Define $$Q_i(x) = \frac{\eta_i \mu_T(x)}{x - \lambda_i}$$ so that $\sum_{i=1}^n Q_i = 1$ and $(x-\lambda_i)Q_i(x) = \eta_i \mu_T(x)$.
Finally, notice that the desired decomposition is given by $$x = Q_1(T)x + Q_2(T)x + \cdots + Q_k(T)x$$
with $Q_i(T) x \in \ker (T - \lambda_i I)$ since
$$(T - \lambda_i I) Q_i(T)x = \eta_i \mu_T(T)x = 0$$
How short this proof can be made depends entirely on your background. Here's a short one that I hope will be accessible to you.
Background facts:
I'm going to assume you are familiar with the notion of a direct sum. In particular, if $T$ acts on $V$ and $V=W\oplus Z$ with $TW\subseteq W$ and $TZ\subseteq Z$, then $T$ splits over the direct sum, and we have $T=T|_W\oplus T|_Z$. Then if $m_X$ denotes the minimal polynomial and $p_X$ denotes the characteristic polynomial of $X$, then whenever we have $A=B\oplus C$, $p_A(t)=p_B(t)p_C(t)$, and $m_A(t)=\newcommand{\lcm}{\operatorname{lcm}}\lcm(m_B(t),m_C(t))$. We'll use these two facts.
Proof:
Now since you're familiar with the generalized eigenspaces, which I will denote $E_{\lambda_i}$, note that $V=\bigoplus_i E_{\lambda_i}$ and $TE_{\lambda_i}\subseteq E_{\lambda_i}$. Thus $m_T(t) = \lcm\{m_{T|_{E_{\lambda_i}}}(t):i\}$. However, $m_{T|_{E_{\lambda_i}}}(t)=(t-\lambda_i)^{n_i}$ where $n_i$ is the least integer such that $(T-\lambda_i)^{n_i}E_{\lambda_i}=0$, so they are all relatively prime. Hence, $m_T(t) = \prod_i (t-\lambda_i)^{n_i}$.

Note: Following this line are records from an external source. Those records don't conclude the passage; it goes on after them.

(* Let $n\ge d$, $\mathbf X\in\mathbb R^{n\times d}$ with full column rank, $1\le k<d$, and $\mathbf y\in\mathbb R^n$ with $\hat\sigma_{1:k}=\|(\mathbf I-\mathbf P_{-1:k})\mathbf y\|>0$. Let $\hat{\boldsymbol\beta}_{\mathrm{OLS}}=(\mathbf X^T\mathbf X)^{-1}\mathbf X^T\mathbf y$ and $\mathbf u=\mathbf V^T(\mathbf y-\mathbf P_{-1:k}\mathbf y)/\hat\sigma_{1:k}$. Then $$\hat{\boldsymbol\beta}_{1:k,\mathrm{OLS}}=\hat\sigma_{1:k}(\mathbf V_{1:k}^T\mathbf X_{1:k})^{-1}\mathbf u_{1:k}.$$
   Context: $\mathbf A_i$, $\mathbf A_{1:i}$, $\mathbf A_{-1:i}$ denote the $i$-th column, first $i$ columns, and submatrix with first $i$ columns removed (similarly for vector entries). $\mathbf P_{-1:i}$ is the orthogonal projection onto the column space of $\mathbf X_{-1:i}$. $\mathbf V\in\mathbb R^{n\times(n-d+k)}$ has orthonormal columns spanning the orthogonal complement of the column space of $\mathbf X_{-1:k}$, with first $k$ columns $\mathbf V_i=(\mathbf I-\mathbf P_{-1:i})\mathbf X_i/\|(\mathbf I-\mathbf P_{-1:i})\mathbf X_i\|$. *)

theory Defs
  imports "Jordan_Normal_Form.Matrix" "Jordan_Normal_Form.Gauss_Jordan_Elimination" "Jordan_Normal_Form.DL_Rank"
begin

text \<open>Matrices are JNF matrices with explicit dimensions. Columns are 0-indexed:
 paper column i (1-based) is JNF column i-1.\<close>

definition first_cols :: "nat \<Rightarrow> 'a mat \<Rightarrow> 'a mat" where
  "first_cols i A = mat (dim_row A) i (\<lambda>(r, c). A $$ (r, c))"

definition drop_cols :: "nat \<Rightarrow> 'a mat \<Rightarrow> 'a mat" where
  "drop_cols i A = mat (dim_row A) (dim_col A - i) (\<lambda>(r, c). A $$ (r, c + i))"

definition first_entries :: "nat \<Rightarrow> 'a vec \<Rightarrow> 'a vec" where
  "first_entries i v = vec i (\<lambda>j. v $ j)"

definition col_space :: "'a :: semiring_0 mat \<Rightarrow> 'a vec set" where
  "col_space A = {A *\<^sub>v x | x. x \<in> carrier_vec (dim_col A)}"

definition proj_mat :: "real mat \<Rightarrow> real mat" where
  "proj_mat A = (THE P. P \<in> carrier_mat (dim_row A) (dim_row A) \<and>
     (\<forall>v \<in> carrier_vec (dim_row A). P *\<^sub>v v \<in> col_space A \<and>
        (\<forall>w \<in> col_space A. (v - P *\<^sub>v v) \<bullet> w = 0)))"

definition vnorm :: "real vec \<Rightarrow> real" where
  "vnorm v = sqrt (v \<bullet> v)"

definition minv :: "real mat \<Rightarrow> real mat" where
  "minv A = the (mat_inverse A)"

end

theory Submission
  imports Defs
begin

(* Write y = X b + r with b the OLS estimate, so that r is orthogonal to the column space of X
   (normal equations). For i < k the column V_i is the normalised residual of X_i after projecting
   onto the later columns X_(i+1), ..., X_d: it lies in the column space of X, is orthogonal to
   X_j for j > i, and V_i . X_i = |(I - P_(-1:i)) X_i| > 0. Hence
   V_(1:k)^T y = V_(1:k)^T X b = (V_(1:k)^T X_(1:k)) b_(1:k), and the k x k matrix on the right is
   lower triangular with positive diagonal, hence invertible. Finally V^T P_(-1:k) y = 0 because
   the columns of V are orthogonal to those of X_(-1:k), so V_(1:k)^T y = sigma u_(1:k). *)

lemma scalar_prod_self_eq_zero:
  fixes w :: "real vec"
  assumes "w \<in> carrier_vec n" and "w \<bullet> w = 0"
  shows "w = 0\<^sub>v n"
  using conjugate_square_eq_0_vec[of w n] assms by simp

lemma mult_unit_vec_eq_col:
  "(A :: 'a :: semiring_1 mat) \<in> carrier_mat n m \<Longrightarrow> j < m \<Longrightarrow> A *\<^sub>v unit_vec m j = col A j"
  by (intro eq_vecI) auto

lemma mult_vec_in_col_space:
  "A \<in> carrier_mat n m \<Longrightarrow> x \<in> carrier_vec m \<Longrightarrow> A *\<^sub>v x \<in> col_space A"
  unfolding col_space_def by auto

lemma col_spaceE:
  assumes "A \<in> carrier_mat n m" and "w \<in> col_space A"
  obtains x where "x \<in> carrier_vec m" and "w = A *\<^sub>v x"
  using assms unfolding col_space_def by auto

lemma scalar_prod_mult_vec_cols:
  fixes A :: "'a :: comm_semiring_0 mat"
  assumes A: "A \<in> carrier_mat n m" and w: "w \<in> carrier_vec n" and x: "x \<in> carrier_vec m"
  shows "w \<bullet> (A *\<^sub>v x) = (\<Sum>j<m. (w \<bullet> col A j) * x $ j)"
proof -
  have "w \<bullet> (A *\<^sub>v x) = (A\<^sup>T *\<^sub>v w) \<bullet> x"
    using transpose_vec_mult_scalar[OF A x w] by simp
  also have "\<dots> = (\<Sum>j<m. (w \<bullet> col A j) * x $ j)"
    using A w x by (auto simp: scalar_prod_def lessThan_atLeast0 mult.commute intro!: sum.cong)
  finally show ?thesis .
qed

lemma full_rank_mult_vec_eq_zero:
  fixes A :: "real mat"
  assumes A: "A \<in> carrier_mat n m" and rank: "vec_space.rank n A = m"
    and x: "x \<in> carrier_vec m" and Ax: "A *\<^sub>v x = 0\<^sub>v n"
  shows "x = 0\<^sub>v m"
proof -
  interpret vec_space "TYPE(real)" n .
  have distinct: "distinct (cols A)"
  proof (rule ccontr)
    assume "\<not> distinct (cols A)"
    then have "card (set (cols A)) < m"
      using A by (metis card_distinct cols_length card_length carrier_matD(2) nat_less_le)
    obtain S where S: "maximal S (\<lambda>T. T \<subseteq> set (cols A) \<and> lin_indpt T)"
      using maximal_exists[of "\<lambda>T. T \<subseteq> set (cols A) \<and> lin_indpt T" "card (set (cols A))" "{}"]
      by (meson List.finite_set card_mono empty_iff empty_subsetI finite_lin_indpt2 rev_finite_subset)
    then have "card S \<le> card (set (cols A))" by (simp add: card_mono maximal_def)
    with \<open>card (set (cols A)) < m\<close> show False using rank_card_indpt[OF A S] rank by simp
  qed
  show ?thesis
    using lin_depI[OF A x _ Ax distinct] full_rank_lin_indpt[OF A rank distinct] by blast
qed

lemma det_nonzero_minv:
  fixes A :: "real mat"
  assumes A: "A \<in> carrier_mat n n" and "det A \<noteq> 0"
  shows "minv A \<in> carrier_mat n n" and "minv A * A = 1\<^sub>m n" and "A * minv A = 1\<^sub>m n"
proof -
  have "A \<in> Units (ring_mat TYPE(real) n ())"
    by (rule det_non_zero_imp_unit[OF A \<open>det A \<noteq> 0\<close>])
  then obtain B where "mat_inverse A = Some B"
    using mat_inverse(1)[OF A, where b = "()"] by (cases "mat_inverse A") auto
  then show "minv A \<in> carrier_mat n n" and "minv A * A = 1\<^sub>m n" and "A * minv A = 1\<^sub>m n"
    using mat_inverse(2)[OF A] unfolding minv_def by auto
qed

Thus the minimal polynomial of $T$ has no repeated roots if and only if the $n_i$s are 1. Then since $n_i$ by definition is the least integer such that $(T-\lambda_i)^{n_i} E_{\lambda_i}=0$, $n_i=1$ for all $i$ if and only if $T|_{E_{\lambda_i}}=\lambda_i$ for all $i$. And this is the case if and only if the generalized eigenspace is the eigenspace, hence if and only if $T$ is diagonalizable.
Alternative Methods:
Another approach would be to use Jordan canonical form, although I'm not sure whether or not you're familiar with it.